(Stored data entries)
>>>

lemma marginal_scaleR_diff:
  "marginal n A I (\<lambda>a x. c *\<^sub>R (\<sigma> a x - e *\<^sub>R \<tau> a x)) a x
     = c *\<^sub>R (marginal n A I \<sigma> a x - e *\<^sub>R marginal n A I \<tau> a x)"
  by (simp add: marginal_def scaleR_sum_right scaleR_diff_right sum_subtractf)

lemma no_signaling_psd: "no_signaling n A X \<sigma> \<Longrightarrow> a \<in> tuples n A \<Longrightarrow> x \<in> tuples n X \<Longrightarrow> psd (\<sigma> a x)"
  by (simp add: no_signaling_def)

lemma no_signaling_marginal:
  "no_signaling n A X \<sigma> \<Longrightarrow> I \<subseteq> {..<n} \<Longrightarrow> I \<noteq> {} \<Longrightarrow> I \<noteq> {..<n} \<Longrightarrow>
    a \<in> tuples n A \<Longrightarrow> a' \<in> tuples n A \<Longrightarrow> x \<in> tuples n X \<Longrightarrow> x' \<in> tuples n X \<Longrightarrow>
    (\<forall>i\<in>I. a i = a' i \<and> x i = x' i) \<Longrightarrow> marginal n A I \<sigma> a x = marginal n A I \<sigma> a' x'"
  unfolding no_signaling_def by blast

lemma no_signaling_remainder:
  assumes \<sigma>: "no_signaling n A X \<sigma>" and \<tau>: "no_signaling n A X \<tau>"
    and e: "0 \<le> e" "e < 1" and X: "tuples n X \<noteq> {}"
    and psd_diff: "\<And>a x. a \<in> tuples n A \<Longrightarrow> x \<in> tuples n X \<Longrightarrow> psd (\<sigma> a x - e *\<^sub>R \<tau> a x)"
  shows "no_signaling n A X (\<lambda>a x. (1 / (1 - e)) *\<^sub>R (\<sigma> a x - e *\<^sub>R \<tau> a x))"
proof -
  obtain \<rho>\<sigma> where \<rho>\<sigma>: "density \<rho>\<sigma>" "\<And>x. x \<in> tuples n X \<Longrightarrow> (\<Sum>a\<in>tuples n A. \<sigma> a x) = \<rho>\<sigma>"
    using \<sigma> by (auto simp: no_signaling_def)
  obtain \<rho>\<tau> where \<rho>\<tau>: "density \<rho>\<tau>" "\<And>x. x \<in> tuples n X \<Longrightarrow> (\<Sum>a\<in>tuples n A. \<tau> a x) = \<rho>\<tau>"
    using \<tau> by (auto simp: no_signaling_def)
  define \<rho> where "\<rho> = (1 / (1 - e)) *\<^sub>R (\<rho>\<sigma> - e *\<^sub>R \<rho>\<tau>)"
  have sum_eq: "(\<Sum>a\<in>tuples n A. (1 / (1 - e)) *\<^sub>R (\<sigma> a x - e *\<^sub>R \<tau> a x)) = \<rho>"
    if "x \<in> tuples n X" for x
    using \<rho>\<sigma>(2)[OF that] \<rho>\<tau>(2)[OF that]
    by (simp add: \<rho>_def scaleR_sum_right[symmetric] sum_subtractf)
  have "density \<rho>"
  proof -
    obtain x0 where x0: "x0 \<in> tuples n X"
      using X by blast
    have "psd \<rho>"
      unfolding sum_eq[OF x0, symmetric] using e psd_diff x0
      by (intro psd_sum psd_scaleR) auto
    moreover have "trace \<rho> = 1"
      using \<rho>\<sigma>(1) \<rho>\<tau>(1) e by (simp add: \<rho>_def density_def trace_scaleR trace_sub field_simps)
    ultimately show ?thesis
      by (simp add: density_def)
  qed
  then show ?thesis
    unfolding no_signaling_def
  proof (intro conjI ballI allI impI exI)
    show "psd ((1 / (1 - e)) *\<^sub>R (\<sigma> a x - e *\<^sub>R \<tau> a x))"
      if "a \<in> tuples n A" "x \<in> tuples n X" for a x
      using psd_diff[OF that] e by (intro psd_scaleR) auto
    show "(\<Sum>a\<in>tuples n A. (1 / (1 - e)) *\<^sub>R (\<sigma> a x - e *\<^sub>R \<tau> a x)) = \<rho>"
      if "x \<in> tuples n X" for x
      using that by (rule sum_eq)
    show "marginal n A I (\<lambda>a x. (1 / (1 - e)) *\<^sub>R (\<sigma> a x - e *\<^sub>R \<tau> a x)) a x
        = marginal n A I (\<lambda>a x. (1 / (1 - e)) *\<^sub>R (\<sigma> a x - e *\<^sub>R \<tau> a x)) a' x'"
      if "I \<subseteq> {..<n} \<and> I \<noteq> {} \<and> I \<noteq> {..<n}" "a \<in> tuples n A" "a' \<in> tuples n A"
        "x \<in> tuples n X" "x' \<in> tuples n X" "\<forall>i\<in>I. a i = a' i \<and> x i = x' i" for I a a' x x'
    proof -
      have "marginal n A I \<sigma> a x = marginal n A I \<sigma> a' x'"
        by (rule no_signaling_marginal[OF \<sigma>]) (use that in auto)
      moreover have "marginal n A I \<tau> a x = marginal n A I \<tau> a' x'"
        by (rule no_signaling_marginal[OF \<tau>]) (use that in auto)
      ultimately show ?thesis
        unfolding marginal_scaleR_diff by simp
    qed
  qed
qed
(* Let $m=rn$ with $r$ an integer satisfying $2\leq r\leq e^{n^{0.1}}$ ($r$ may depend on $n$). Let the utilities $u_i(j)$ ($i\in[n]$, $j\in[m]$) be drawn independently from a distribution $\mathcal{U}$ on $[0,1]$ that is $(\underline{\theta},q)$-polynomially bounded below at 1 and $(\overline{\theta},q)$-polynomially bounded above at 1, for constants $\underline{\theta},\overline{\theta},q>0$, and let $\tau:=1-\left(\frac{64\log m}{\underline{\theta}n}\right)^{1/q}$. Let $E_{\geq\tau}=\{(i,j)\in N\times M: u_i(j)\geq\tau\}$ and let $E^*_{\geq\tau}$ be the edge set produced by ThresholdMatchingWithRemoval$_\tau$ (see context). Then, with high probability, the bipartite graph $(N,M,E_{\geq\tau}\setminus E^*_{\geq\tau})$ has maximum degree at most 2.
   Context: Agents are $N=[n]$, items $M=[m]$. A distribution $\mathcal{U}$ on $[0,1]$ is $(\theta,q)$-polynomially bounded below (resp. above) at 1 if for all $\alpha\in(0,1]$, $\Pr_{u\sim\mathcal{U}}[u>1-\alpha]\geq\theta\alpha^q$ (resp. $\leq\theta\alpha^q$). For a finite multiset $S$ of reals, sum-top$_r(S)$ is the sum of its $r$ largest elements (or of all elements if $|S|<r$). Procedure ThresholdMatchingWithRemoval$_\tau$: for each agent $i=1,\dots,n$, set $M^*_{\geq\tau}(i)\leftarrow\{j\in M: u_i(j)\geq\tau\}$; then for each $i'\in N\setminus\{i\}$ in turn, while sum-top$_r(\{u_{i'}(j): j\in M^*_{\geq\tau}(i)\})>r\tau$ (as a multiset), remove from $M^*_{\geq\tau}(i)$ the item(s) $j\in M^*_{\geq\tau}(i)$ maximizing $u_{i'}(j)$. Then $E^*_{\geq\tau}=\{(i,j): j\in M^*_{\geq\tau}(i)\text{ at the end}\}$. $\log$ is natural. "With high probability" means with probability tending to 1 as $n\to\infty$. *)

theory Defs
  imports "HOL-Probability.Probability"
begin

<<<

Task requirements:
In the records above, find each line with the word "unfolding" and copy it out.

Response for this exercise:
  unfolding no_signaling_def by blast
      unfolding sum_eq[OF x0, symmetric] using e psd_diff x0
    unfolding no_signaling_def
        unfolding marginal_scaleR_diff by simp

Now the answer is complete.